To say we were "fast and fresh" would be an understatement. Our hormones were spinning out of control and before we knew it we had become pretty experienced, exchanged "I love you"'s, and wrecked her car while trying to get away from the park patrol at our favorite "hideout". Five months later, we both lost, well, gave up our virginity to one another. By this point, no one in the world could make us believe that we would ever be inseparable. We continued our sexual explorations for the remainder of the relationship. For three years we lied about having sex, until we finally opened up to our parents. Looking back, we started our relationship in lies and it contributed to our demise.

The next few years consisted of love, ideas and hopes of marriage, including my purchase of a promise ring, and accepting each other as part of our lives-forever. Finally, our breaking point (the point at which a relationship goes from good, to weekly, sometimes daily fighting and arguing) was in July of 2010. She had spent three years at community college and was ready for a change, while I had only finished three semesters and was not ready to move forward just yet. She called me one day and said "I am moving out of town for school." Obviously, for so many reasons, the main one being the crushing reality that we may not be as inseparable as I had hoped, I was upset with her decision. I began to resent her for splitting us apart, even though it was just an hour away, and many of the weeks that followed were filled with fighting and hurt. 

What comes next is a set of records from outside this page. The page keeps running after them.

(* Let $n\ge1$ and $1>\mu_1>\mu_2>\dots>\mu_{n+1}>0$. Let $\mathcal{P}$ be the set of all polynomials $p(x)=(x-\lambda_1)(x-\lambda_2)\cdots(x-\lambda_n)$ with real $\lambda_k$ satisfying $\mu_k\ge\lambda_k\ge\mu_{k+1}$ for $k=1,\dots,n$. Then there exist constants $C>0$ and $0<c<1$, depending only on $\mu_1,\dots,\mu_{n+1}$, such that for every $m\ge1$ and all $p_1,\dots,p_m\in\mathcal{P}$, $$\|F(p_1)F(p_2)\cdots F(p_m)\|\le Cc^m.$$
   Context: For a monic polynomial $p(z)=z^n+b_{n-1}z^{n-1}+\dots+b_0$, its Frobenius matrix $F(p)$ is the $n\times n$ matrix whose first row is $(-b_{n-1},-b_{n-2},\dots,-b_0)$, whose entries $(i+1,i)$ for $i=1,\dots,n-1$ equal $1$, and all other entries are $0$. $\|\cdot\|$ denotes any fixed matrix norm (all are equivalent). *)

theory Defs
  imports "Jordan_Normal_Form.Matrix" "HOL-Computational_Algebra.Polynomial"
begin

definition frob :: "real poly \<Rightarrow> real mat" where
  "frob p = (let n = degree p in
     mat n n (\<lambda>(i,j). if i = 0 then - coeff p (n - 1 - j)
                      else if i = Suc j then 1 else 0))"

definition polyset :: "nat \<Rightarrow> (nat \<Rightarrow> real) \<Rightarrow> real poly set" where
  "polyset n mu = {(\<Prod>k\<in>{1..n}. [:- l k, 1:]) | l.
                    \<forall>k\<in>{1..n}. mu (Suc k) \<le> l k \<and> l k \<le> mu k}"

text \<open>A fixed matrix norm: entrywise l1 norm (all norms are equivalent).\<close>
definition mat_norm :: "real mat \<Rightarrow> real" where
  "mat_norm A = (\<Sum>i<dim_row A. \<Sum>j<dim_col A. \<bar>A $$ (i,j)\<bar>)"

end

theory Submission
  imports Defs
begin
(* Let $q$ be a prime power, and let $\pi,\sigma\in P$ with $\pi(x)=a+\frac{r}{x-i}$ and $\sigma(x)=b+\frac{s}{x-j}$ (i.e. $\pi=f_{a,r,i}$, $\sigma=f_{b,s,j}$ with $r,s\neq 0$). Then $hd(\pi^{\triangle},\sigma^{\triangle})=hd(\pi,\sigma)-3$ if and only if $r=s$ and $(b-a)(j-i)=r$.
   Context: For $K,i\in GF(q)$ and $r\in GF(q)\setminus\{0\}$, $f_{K,r,i}:GF(q)\cup\{\infty\}\to GF(q)\cup\{\infty\}$ is the permutation given by $f_{K,r,i}(x)=K+\frac{r}{x-i}$ for $x\notin\{i,\infty\}$, $f_{K,r,i}(\infty)=K$, $f_{K,r,i}(i)=\infty$; $P$ is the set of all such $f_{K,r,i}$. For permutations $\pi,\sigma$ of a finite set, $hd(\pi,\sigma)$ is the number of points at which they differ. The distinguished element is $F=\infty$: for a permutation $\pi$ of $GF(q)\cup\{\infty\}$, $\pi^{\triangle}$ is the permutation with $\pi^{\triangle}(\pi^{-1}(\infty))=\pi(\infty)$, $\pi^{\triangle}(\infty)=\infty$, and $\pi^{\triangle}(x)=\pi(x)$ otherwise. *)

theory Defs
  imports Main
begin

text \<open>GF(q) is modelled by an arbitrary finite field type 'a (its cardinality is
a prime power); GF(q) cup {infinity} is 'a option with None = infinity.\<close>

definition fKri :: "'a::{field,finite} \<Rightarrow> 'a \<Rightarrow> 'a \<Rightarrow> 'a option \<Rightarrow> 'a option" where
  "fKri K r i x = (case x of
       None \<Rightarrow> Some K
     | Some y \<Rightarrow> (if y = i then None else Some (K + r / (y - i))))"

definition Pset :: "('a::{field,finite} option \<Rightarrow> 'a option) set" where
  "Pset = {fKri K r i | K r i. r \<noteq> 0}"

definition hdist :: "('b::finite \<Rightarrow> 'c) \<Rightarrow> ('b \<Rightarrow> 'c) \<Rightarrow> nat" where
  "hdist \<pi> \<sigma> = card {x. \<pi> x \<noteq> \<sigma> x}"

definition tri :: "('a option \<Rightarrow> 'a option) \<Rightarrow> 'a option \<Rightarrow> 'a option" where
  "tri \<pi> x = (if x = None then None else if \<pi> x = None then \<pi> None else \<pi> x)"

end

theory Submission
  imports Defs
begin

text \<open>The two permutations and their triangle versions coincide off the three points
  \<infinity>, i, j, so only those points can change the Hamming distance. When i = j nothing
  changes there. When i \<noteq> j, \<pi> and \<sigma> disagree at i and at j (one value is \<infinity>) and at
  \<infinity> iff a \<noteq> b, while the triangle versions agree at \<infinity> and disagree at i iff
  a \<noteq> \<sigma>(i) and at j iff \<pi>(j) \<noteq> b. A drop by 3 thus means a \<noteq> b, a = \<sigma>(i) and
  \<pi>(j) = b, which unfolds to r = s and (b - a)(j - i) = r.\<close>

lemma hdist_diff_local:
  fixes f g f' g' :: "'b::finite \<Rightarrow> 'c"
  assumes "\<And>x. x \<notin> K \<Longrightarrow> f' x = f x \<and> g' x = g x"
  shows "int (hdist f' g') - int (hdist f g)
       = int (card {x\<in>K. f' x \<noteq> g' x}) - int (card {x\<in>K. f x \<noteq> g x})"
proof -
  have split: "hdist h k = card {x\<in>K. h x \<noteq> k x} + card {x\<in>-K. h x \<noteq> k x}"
    for h k :: "'b \<Rightarrow> 'c"
  proof -
    have "{x. h x \<noteq> k x} = {x\<in>K. h x \<noteq> k x} \<union> {x\<in>-K. h x \<noteq> k x}" by blast
    then show ?thesis
      unfolding hdist_def by (simp add: card_Un_disjoint disjoint_iff)
  qed
  have "{x\<in>-K. f' x \<noteq> g' x} = {x\<in>-K. f x \<noteq> g x}"
    using assms by auto
  then show ?thesis
    using split[of f' g'] split[of f g] by simp
qed

lemma Collect_conj_insert:
  "{x\<in>insert u A. P x} = (if P u then insert u {x\<in>A. P x} else {x\<in>A. P x})"
  by auto

lemma card_filter_two:
  assumes "u \<noteq> v"
  shows "card {x\<in>{u, v}. P x} = of_bool (P u) + of_bool (P v)"
  unfolding Collect_conj_insert using assms by simp

lemma card_filter_three:
  assumes "u \<noteq> v" "u \<noteq> w" "v \<noteq> w"
  shows "card {x\<in>{u, v, w}. P x} = of_bool (P u) + of_bool (P v) + of_bool (P w)"
  unfolding Collect_conj_insert using assms by simp

lemma fKri_infinity [simp]: "fKri K r i None = Some K"
  and fKri_pole [simp]: "fKri K r i (Some i) = None"
  and fKri_Some: "y \<noteq> i \<Longrightarrow> fKri K r i (Some y) = Some (K + r / (y - i))"
  by (simp_all add: fKri_def)

lemma fKri_eq_None_iff [simp]: "fKri K r i x = None \<longleftrightarrow> x = Some i"
  by (cases x) (simp_all add: fKri_def)

lemma tri_infinity [simp]: "tri \<pi> None = None"
  and tri_preimage_infinity: "x \<noteq> None \<Longrightarrow> \<pi> x = None \<Longrightarrow> tri \<pi> x = \<pi> None"
  and tri_eq: "x \<noteq> None \<Longrightarrow> \<pi> x \<noteq> None \<Longrightarrow> tri \<pi> x = \<pi> x"
  by (auto simp: tri_def)

lemma tri_fKri_pole [simp]: "tri (fKri K r i) (Some i) = Some K"
  by (simp add: tri_preimage_infinity)

lemma tri_fKri_eq: "x \<notin> {None, Some i} \<Longrightarrow> tri (fKri K r i) x = fKri K r i x"
  by (simp add: tri_eq)

lemma pole_values_match_iff:
  fixes a b r s i j :: "'a::field"
  assumes "r \<noteq> 0" "i \<noteq> j"
  shows "(a \<noteq> b \<and> a = b + s / (i - j) \<and> a + r / (j - i) = b)
       \<longleftrightarrow> (r = s \<and> (b - a) * (j - i) = r)"
proof -
  have "i - j \<noteq> 0" "j - i \<noteq> 0" using assms(2) by auto
  then have "a = b + s / (i - j) \<longleftrightarrow> (b - a) * (j - i) = s"
    and "a + r / (j - i) = b \<longleftrightarrow> (b - a) * (j - i) = r"
    by (auto simp: field_simps)
  then show ?thesis using assms(1) by auto
qed

theorem lemma10:
  fixes a b r s i j :: "'a::{field,finite}"
  assumes "r \<noteq> 0" and "s \<noteq> 0"
  shows "int (hdist (tri (fKri a r i)) (tri (fKri b s j))) = int (hdist (fKri a r i) (fKri b s j)) - 3
         \<longleftrightarrow> (r = s \<and> (b - a) * (j - i) = r)"
proof -
  let ?\<pi> = "fKri a r i" and ?\<sigma> = "fKri b s j"
  have local: "int (hdist (tri ?\<pi>) (tri ?\<sigma>)) - int (hdist ?\<pi> ?\<sigma>)
      = int (card {x\<in>{None, Some i, Some j}. tri ?\<pi> x \<noteq> tri ?\<sigma> x})
        - int (card {x\<in>{None, Some i, Some j}. ?\<pi> x \<noteq> ?\<sigma> x})"
    by (rule hdist_diff_local) (simp add: tri_fKri_eq)
  show ?thesis
  proof (cases "i = j")
    case True
    then have "{None, Some i, Some j} = {None, Some i}" by simp
    from local[unfolded this card_filter_two[OF option.distinct(1)]] True
    have "int (hdist (tri ?\<pi>) (tri ?\<sigma>)) - int (hdist ?\<pi> ?\<sigma>) = 0"
      by simp
    then show ?thesis
      using True assms(1) by simp
  next
    case False
    then have "Some i \<noteq> Some j" by simp
    from local[unfolded card_filter_three[OF option.distinct(1) option.distinct(1) this]] False
    have "int (hdist (tri ?\<pi>) (tri ?\<sigma>)) - int (hdist ?\<pi> ?\<sigma>)
        = of_bool (a \<noteq> b + s / (i - j)) + of_bool (a + r / (j - i) \<noteq> b) - of_bool (a \<noteq> b) - 2"
      using False[symmetric] by (simp add: fKri_Some tri_fKri_eq)
    then have "int (hdist (tri ?\<pi>) (tri ?\<sigma>)) = int (hdist ?\<pi> ?\<sigma>) - 3
        \<longleftrightarrow> (a \<noteq> b \<and> a = b + s / (i - j) \<and> a + r / (j - i) = b)"
      unfolding of_bool_def by (auto split: if_splits)
    with pole_values_match_iff[OF assms(1) False] show ?thesis by simp
  qed
qed

end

Once she finally moved, I visited on and off and finally realized that we had our own place to play "house". I could come over when I wanted, we could stay up all night or in the bed all day; we could do exactly what we wanted. It was ignorant bliss, ignorant, that is, of what was soon to come. Soon after that, I noticed she was going out with friends and meeting new people, while I, on the other had, was working and taking online classes, and having no friends. Pictures of here were popping up on Facebook and I noticed she was not wearing her ring in any of them. Talk about a wake up call that I basically checked the caller id and blocked the number to. She said, at first, that no one would talk to her if she wore it, because she looked like a "fuddy duddy", then it was the fact that it was too big and she didnt want to lose it, so I had it sized a half size too small just to make it too hard to get off. BIG mistake. 

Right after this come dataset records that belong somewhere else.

lemma partial_deriv_dI_q_speed: "partial_deriv 4 dI_q x = - (LD * isd x + Mf * x$3) / Lq"
  by (rule partial_deriv_eqI[OF differentiable_dI_q], simp add: dI_q_def isd_along_speed isq_along_speed,
      simp add: axis_def, (rule derivative_eq_intros refl)+,
      use Lq_nonzero in \<open>simp_all add: field_simps\<close>)

lemma partial_deriv_dI_d_angle:
  "partial_deriv 5 dI_d x = (Lf * (vq (x$5) - Rs * isq x + x$4 * LD * isd x) - Mf^2 * x$4 * isd x) / D"
  by (rule partial_deriv_eqI[OF differentiable_dI_d], simp add: dI_d_def,
      (rule has_real_derivative_isd_angle has_real_derivative_isq_angle has_real_derivative_vd
        derivative_eq_intros refl)+,
      use D_nonzero in \<open>simp_all add: axis_def field_simps power2_eq_square\<close>)

lemma partial_deriv_dI_q_angle:
  "partial_deriv 5 dI_q x = (Rs * isd x - vd (x$5) - x$4 * LD * isq x) / Lq"
  by (rule partial_deriv_eqI[OF differentiable_dI_q], simp add: dI_q_def,
      (rule has_real_derivative_isd_angle has_real_derivative_isq_angle has_real_derivative_vq
        derivative_eq_intros refl)+,
      use Lq_nonzero in \<open>simp_all add: axis_def field_simps\<close>)

lemma det_obs_matrix_rotor_frame:
  "det (obs_matrix L0 L2 Mf Lf Rs Rf u x) =
    partial_deriv 4 dI_d x * (dI_d x + partial_deriv 5 dI_q x) - partial_deriv 4 dI_q x * (partial_deriv 5 dI_d x - dI_q x)"
proof -
  have "obs_map L0 L2 Mf Lf Rs Rf u = (\<lambda>y. vector [y$1, y$2, y$3,
      cos (y$5) * dI_d y - sin (y$5) * dI_q y, sin (y$5) * dI_d y + cos (y$5) * dI_q y])"
    by (simp add: fun_eq_iff obs_map_def lie_deriv_component wrsm_field_rotor_frame)
  then show ?thesis
    unfolding obs_matrix_def
    by (simp add: det_jacobian_rotating_frame differentiable_dI_d differentiable_dI_q)
qed

lemma lie_deriv_isd: "lie_deriv (wrsm_field L0 L2 Mf Lf Rs Rf u) isd x = dI_d x + x$4 * isq x"
proof -
  have "lie_deriv (wrsm_field L0 L2 Mf Lf Rs Rf u) isd x =
      cos (x$5) * (cos (x$5) * dI_d x - sin (x$5) * dI_q x)
      + sin (x$5) * (sin (x$5) * dI_d x + cos (x$5) * dI_q x) + isq x * x$4"
    by (simp add: lie_deriv_eq[OF has_derivative_isd] wrsm_field_rotor_frame)
  also have "\<dots> = (cos (x$5) ^ 2 + sin (x$5) ^ 2) * dI_d x + x$4 * isq x"
    by algebra
  finally show ?thesis by simp
qed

Let me stop right here and say that if anyone ever has told you that you cannot hold on to something or someone to make them love you and commit to you, they were right, so just listen.

Our main issue, one of the biggest contributors to our downfall, was the fact that she was a wild spirit; she wanted to meet people, go out, and get the college experience, while I, on the other hand, was a recluse; I worked a 9 to 5, took a few online classes, and simply refused to go out and meet anyone. Over the Christmas break, we found ourselves alone at the apartment alot. The roommates were back at their homes and we had a place to play house without any interferences. Soon after that, we both started classes again and saw each other 3-4 days a week. Even up to March of 2011, somewhere in our hearts, we wanted to make it work and get married. I can note this because she painted a picture of us in wedding clothes for my birthday gift. Things fell apart just weeks later.

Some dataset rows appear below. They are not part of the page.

(* For every algebra $A$, the anti-rotor $\mathfrak{u}_A$ has dimension at least $1$.
   Context: An "algebra" is a real finite-dimensional unital associative algebra with underlying vector space $\mathbb{R}^n$ ($n\ge1$), standard basis, elements column vectors $s=(x_1,\dots,x_n)^T$, $\mathbf{d}s=(dx_1,\dots,dx_n)^T$. An uncurling metric of $A$ is a real symmetric $n\times n$ matrix $L$ with $d\big((s^{-1})^TL\,\mathbf{d}s\big)=0$ on an open ball centered at $\mathbf{1}_A$ consisting only of units; the anti-rotor $\mathfrak{u}_A$ is the real vector space of all uncurling metrics of $A$. *)

theory Defs
  imports "HOL-Analysis.Analysis"
begin

definition is_algebra :: "(real^'n \<Rightarrow> real^'n \<Rightarrow> real^'n) \<Rightarrow> real^'n \<Rightarrow> bool" where
  "is_algebra m e \<longleftrightarrow> bilinear m \<and> (\<forall>x y z. m (m x y) z = m x (m y z)) \<and> (\<forall>x. m e x = x \<and> m x e = x)"

definition alg_unit :: "(real^'n \<Rightarrow> real^'n \<Rightarrow> real^'n) \<Rightarrow> real^'n \<Rightarrow> real^'n \<Rightarrow> bool" where
  "alg_unit m e s \<longleftrightarrow> (\<exists>t. m s t = e \<and> m t s = e)"

definition alg_inv :: "(real^'n \<Rightarrow> real^'n \<Rightarrow> real^'n) \<Rightarrow> real^'n \<Rightarrow> real^'n \<Rightarrow> real^'n" where
  "alg_inv m e s = (THE t. m s t = e \<and> m t s = e)"

text \<open>The 1-form sum_j f_j(s) dx_j (coefficient vector f) is closed on U:
  f is differentiable at each point of U and d_i f_j = d_j f_i.\<close>
definition closed_one_form :: "(real^'n \<Rightarrow> real^'n) \<Rightarrow> (real^'n) set \<Rightarrow> bool" where
  "closed_one_form f U \<longleftrightarrow> (\<forall>s\<in>U. \<exists>D. (f has_derivative D) (at s) \<and>
      (\<forall>i j. D (axis i 1) $ j = D (axis j 1) $ i))"

text \<open>(s^{-1})^T L ds has coefficient vector s^{-1} v* L.\<close>
definition uncurling_metric :: "(real^'n \<Rightarrow> real^'n \<Rightarrow> real^'n) \<Rightarrow> real^'n \<Rightarrow> real^'n^'n \<Rightarrow> bool" where
  "uncurling_metric m e L \<longleftrightarrow> transpose L = L \<and>
     (\<exists>r>0. ball e r \<subseteq> {s. alg_unit m e s} \<and>
        closed_one_form (\<lambda>s. alg_inv m e s v* L) (ball e r))"

definition anti_rotor :: "(real^'n \<Rightarrow> real^'n \<Rightarrow> real^'n) \<Rightarrow> real^'n \<Rightarrow> (real^'n^'n) set" where
  "anti_rotor m e = {L. uncurling_metric m e L}"

end

theory Submission
  imports Defs
begin

text \<open>The witness is the trace form \<open>L\<^sub>i\<^sub>j = tr(\<lambda>x. e\<^sub>i e\<^sub>j x)\<close>, symmetric because
  \<open>tr(ab) = tr(ba)\<close> for left multiplications, and nonzero because \<open>tr(1) = n\<close>. The differential
  of \<open>s \<mapsto> s\<^sup>-\<^sup>1\<close> is \<open>h \<mapsto> -s\<^sup>-\<^sup>1 h s\<^sup>-\<^sup>1\<close>, so the Jacobian of the coefficient vector of
  \<open>(s\<^sup>-\<^sup>1)\<^sup>T L ds\<close> has entries \<open>-tr(s\<^sup>-\<^sup>1 e\<^sub>i s\<^sup>-\<^sup>1 e\<^sub>j)\<close>, again symmetric in \<open>i, j\<close> by
  cyclicity of the trace.\<close>

lemma linear_eq_sum_axis:
  fixes f :: "real^'n \<Rightarrow> real"
  assumes "linear f"
  shows "f x = (\<Sum>i\<in>UNIV. x $ i * f (axis i 1))"
proof -
  have "f x = f (\<Sum>i\<in>UNIV. x $ i *\<^sub>R axis i 1)"
    using basis_expansion[of x] by (simp add: scalar_mult_eq_scaleR)
  also have "\<dots> = (\<Sum>i\<in>UNIV. x $ i * f (axis i 1))"
    by (simp add: linear_sum[OF assms] linear_scale[OF assms])
  finally show ?thesis .
qed

lemma vector_matrix_mult_form_matrix:
  fixes B :: "real^'n \<Rightarrow> real^'n \<Rightarrow> real"
  assumes "\<And>y. linear (\<lambda>x. B x y)"
  shows "x v* (\<chi> i j. B (axis i 1) (axis j 1)) = (\<chi> j. B x (axis j 1))"
  by (auto simp: vec_eq_iff vector_matrix_mult_def intro: linear_eq_sum_axis[OF assms, symmetric])

lemma bounded_linear_vector_matrix_mult: "bounded_linear (\<lambda>x. x v* A)"
  for A :: "real^'n^'m"
  by (simp flip: transpose_matrix_vector)

definition trace_form :: "(real^'n \<Rightarrow> real^'n \<Rightarrow> real^'n) \<Rightarrow> real^'n \<Rightarrow> real" where
  "trace_form m x = trace (matrix (m x))"

definition trace_metric :: "(real^'n \<Rightarrow> real^'n \<Rightarrow> real^'n) \<Rightarrow> real^'n^'n" where
  "trace_metric m = (\<chi> i j. trace_form m (m (axis i 1) (axis j 1)))"

locale unital_algebra =
  fixes m :: "real^'n \<Rightarrow> real^'n \<Rightarrow> real^'n" and e :: "real^'n"
  assumes algebra: "is_algebra m e"
begin

lemma bilinear: "bilinear m"
  using algebra by (simp add: is_algebra_def)

lemma assoc: "m (m x y) z = m x (m y z)"
  using algebra by (simp add: is_algebra_def)

lemma left_unit [simp]: "m e x = x"
  using algebra by (simp add: is_algebra_def)

lemma right_unit [simp]: "m x e = x"
  using algebra by (simp add: is_algebra_def)

lemma bounded_bilinear: "bounded_bilinear m"
  using bilinear bilinear_conv_bounded_bilinear by blast

lemma linear_mult_left: "linear (m x)"
  using bilinear by (simp add: bilinear_def)

lemma linear_mult_right: "linear (\<lambda>x. m x y)"
  using bilinear by (simp add: bilinear_def)

lemma alg_inv_eqI:
  assumes "m s t = e" "m t s = e"
  shows "alg_inv m e s = t"
  unfolding alg_inv_def
proof (rule the_equality)
  fix t' assume t': "m s t' = e \<and> m t' s = e"
  have "t' = m (m t' s) t"
    using assms(1) by (simp add: assoc)
  also have "\<dots> = t"
    using t' by simp
  finally show "t' = t" .
qed (use assms in simp)

lemma
  assumes "alg_unit m e s"
  shows alg_inv_right: "m s (alg_inv m e s) = e"
    and alg_inv_left: "m (alg_inv m e s) s = e"
  using assms alg_inv_eqI unfolding alg_unit_def by auto

lemma alg_unit_iff_det: "alg_unit m e s \<longleftrightarrow> det (matrix (m s)) \<noteq> 0"
proof
  assume "alg_unit m e s"
  then have "inj (m s)"
    by (metis alg_inv_left assoc injI left_unit)
  then show "det (matrix (m s)) \<noteq> 0"
    using det_nz_iff_inj[OF linear_mult_left] by blast
next
  assume "det (matrix (m s)) \<noteq> 0"
  then have inj: "inj (m s)"
    using det_nz_iff_inj[OF linear_mult_left] by blast
  then obtain t where t: "m s t = e"
    using linear_inj_imp_surj[OF linear_mult_left] by (metis surjD)
  then have "m s (m t s) = m s e"
    by (simp flip: assoc)
  then have "m t s = e"
    using inj by (meson injD)
  with t show "alg_unit m e s"
    unfolding alg_unit_def by auto
qed

lemma open_units: "open {s. alg_unit m e s}"
proof -
  have "continuous_on UNIV (\<lambda>s. det (matrix (m s)))"
    unfolding det_def matrix_def
    by (intro continuous_intros linear_continuous_on
        bounded_bilinear.bounded_linear_left[OF bounded_bilinear])
  then show ?thesis
    unfolding alg_unit_iff_det by (rule open_Collect_neq) simp
qed

lemma has_derivative_alg_inv:
  assumes s: "alg_unit m e s"
  shows "(alg_inv m e has_derivative (\<lambda>h. - m (alg_inv m e s) (m h (alg_inv m e s)))) (at s)"
proof -
  define u where "u = alg_inv m e s"
  text \<open>Inverse function theorem for \<open>F(z, t) = (z, z t)\<close>: its local inverse
    \<open>G(z, w) = (z, z\<^sup>-\<^sup>1 w)\<close> recovers the algebra inverse as \<open>z\<^sup>-\<^sup>1 = snd (G (z, 1))\<close>.\<close>
  define F where "F = (\<lambda>x. (fst x, m (fst x) (snd x)))"
  define G where "G = (\<lambda>y. (fst y, m (alg_inv m e (fst y)) (snd y)))"
  define F' where "F' = (\<lambda>h. (fst h, m s (snd h) + m (fst h) u))"
  define G' where "G' = (\<lambda>k. (fst k, m u (snd k - m (fst k) u)))"
  have F: "(F has_derivative F') (at (s, u))"
    unfolding F_def F'_def
    by (auto intro!: derivative_eq_intros bounded_bilinear.FDERIV[OF bounded_bilinear])
  have "continuous_on ({s. alg_unit m e s} \<times> UNIV) F"
    unfolding F_def
    by (intro continuous_intros bounded_bilinear.continuous_on[OF bounded_bilinear])
  moreover have "G (F x) = x" if "x \<in> {s. alg_unit m e s} \<times> UNIV" for x
    using that by (auto simp: F_def G_def alg_inv_left simp flip: assoc)
  moreover have "F' \<circ> G' = id"
    using s by (auto simp: F'_def G'_def u_def alg_inv_right bilinear_rsub[OF bilinear]
        simp flip: assoc)
  ultimately have "(G has_derivative G') (at (F (s, u)))"
    using has_derivative_inverse_strong[OF open_Times[OF open_units open_UNIV] _ _ _ F] s by auto
  moreover have "F (s, u) = (s, e)"
    using s by (simp add: F_def u_def alg_inv_right)
  ultimately have G: "(G has_derivative G') (at (s, e))"
    by simp
  have "((\<lambda>z. (z, e)) has_derivative (\<lambda>h. (h, 0))) (at s)"
    by (auto intro!: derivative_eq_intros)
  from has_derivative_snd[OF has_derivative_compose[OF this G]]
  have "((\<lambda>z. snd (G (z, e))) has_derivative (\<lambda>h. snd (G' (h, 0)))) (at s)" .
  moreover have "(\<lambda>z. snd (G (z, e))) = alg_inv m e"
    by (simp add: G_def)
  moreover have "snd (G' (h, 0)) = - m u (m h u)" for h
    by (simp add: G'_def bilinear_rneg[OF bilinear])
  ultimately show ?thesis
    by (simp add: u_def)
qed

lemma matrix_mult_hom: "matrix (m (m a b)) = matrix (m a) ** matrix (m b)"
proof -
  have "m (m a b) = m a \<circ> m b"
    by (simp add: fun_eq_iff assoc)
  then show ?thesis
    by (simp add: matrix_compose[OF linear_mult_left linear_mult_left])
qed

lemma trace_form_commute: "trace_form m (m a b) = trace_form m (m b a)"
  unfolding trace_form_def matrix_mult_hom by (rule trace_mul_sym)

lemma linear_trace_form: "linear (trace_form m)"
proof (rule linearI)
  fix x y :: "real^'n" and c :: real
  show "trace_form m (x + y) = trace_form m x + trace_form m y"
    by (simp add: trace_form_def trace_def matrix_def bilinear_ladd[OF bilinear] sum.distrib)
  show "trace_form m (c *\<^sub>R x) = c *\<^sub>R trace_form m x"
    by (simp add: trace_form_def trace_def matrix_def bilinear_lmul[OF bilinear] sum_distrib_left)
qed

lemma vector_matrix_mult_trace_metric:
  "x v* trace_metric m = (\<chi> j. trace_form m (m x (axis j 1)))"
  unfolding trace_metric_def
  by (rule vector_matrix_mult_form_matrix)
    (simp add: linear_compose[OF linear_mult_right linear_trace_form, unfolded o_def])

lemma trace_metric_symmetric: "transpose (trace_metric m) = trace_metric m"
  by (simp add: trace_metric_def transpose_def trace_form_commute)

lemma trace_metric_nonzero: "trace_metric m \<noteq> 0"
proof
  assume "trace_metric m = 0"
  then have "(e v* trace_metric m) $ j = 0" for j
    by (simp add: vector_matrix_mult_def)
  then have "trace_form m (axis j 1) = 0" for j
    by (simp add: vector_matrix_mult_trace_metric)
  then have "trace_form m e = 0"
    by (simp add: linear_eq_sum_axis[OF linear_trace_form, of e])
  moreover have "m e = id"
    by (simp add: fun_eq_iff)
  then have "trace_form m e = real CARD('n)"
    by (simp add: trace_form_def matrix_id_mat_1 trace_I)
  ultimately show False
    by simp
qed

lemma closed_one_form_trace_metric:
  "closed_one_form (\<lambda>s. alg_inv m e s v* trace_metric m) {s. alg_unit m e s}"
  unfolding closed_one_form_def
proof
  fix s assume "s \<in> {s. alg_unit m e s}"
  define u where "u = alg_inv m e s"
  define D where "D = (\<lambda>h. (- m u (m h u)) v* trace_metric m)"
  have "((\<lambda>s. alg_inv m e s v* trace_metric m) has_derivative D) (at s)"
    unfolding D_def u_def
    using bounded_linear.has_derivative[OF bounded_linear_vector_matrix_mult has_derivative_alg_inv]
      \<open>s \<in> _\<close> by simp
  moreover have "D (axis i 1) $ j = - trace_form m (m (m u (axis i 1)) (m u (axis j 1)))" for i j
    by (simp add: D_def vector_matrix_mult_trace_metric assoc bilinear_lneg[OF bilinear]
        linear_neg[OF linear_trace_form])
  ultimately show "\<exists>D. ((\<lambda>s. alg_inv m e s v* trace_metric m) has_derivative D) (at s) \<and>
      (\<forall>i j. D (axis i 1) $ j = D (axis j 1) $ i)"
    by (metis trace_form_commute)
qed

lemma uncurling_trace_metric: "uncurling_metric m e (trace_metric m)"
proof -
  have "alg_unit m e e"
    by (auto simp: alg_unit_def)
  then obtain r where "r > 0" and r: "ball e r \<subseteq> {s. alg_unit m e s}"
    using open_units by (metis mem_Collect_eq open_contains_ball)
  moreover have "closed_one_form (\<lambda>s. alg_inv m e s v* trace_metric m) (ball e r)"
    using closed_one_form_trace_metric r by (auto simp: closed_one_form_def)
  ultimately show ?thesis
    unfolding uncurling_metric_def using trace_metric_symmetric by blast
qed

end

theorem corollary8p4:
  fixes m :: "real^'n \<Rightarrow> real^'n \<Rightarrow> real^'n" and e :: "real^'n"
  assumes "is_algebra m e"
  shows "dim (anti_rotor m e) \<ge> 1"
proof -
  interpret unital_algebra m e
    using assms by (rule unital_algebra.intro)
  have "trace_metric m \<in> anti_rotor m e"
    using uncurling_trace_metric by (simp add: anti_rotor_def)
  with trace_metric_nonzero have "\<not> anti_rotor m e \<subseteq> {0}"
    by blast
  then have "dim (anti_rotor m e) \<noteq> 0"
    by simp
  then show ?thesis
    by linarith
qed

end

We agreed to take a break, to still be friends, and to still spend the night together, but to take a "break". Im still not sure what that means... We saw each other the next day and she told me that we were "dead". Less than 12 hours later, she told me she thought we were supposed to be together and end up together but she was confused, and she invited me to her families Easter dinner. I later found out that her feelings for me were gone. She still said she loved me and she still called me to talk. At this point, all we have together is a distance between us that we never could have imagined. We both wish it could have ended up different and I will admit that every time the phone rings, every car that pulls up, every knock on my door, I hope its her, coming back to say its time to work on things and get back where we belong. That wont happen.

My heart is broken.
I am broken.
Even in the middle of this Storm, I see the Son.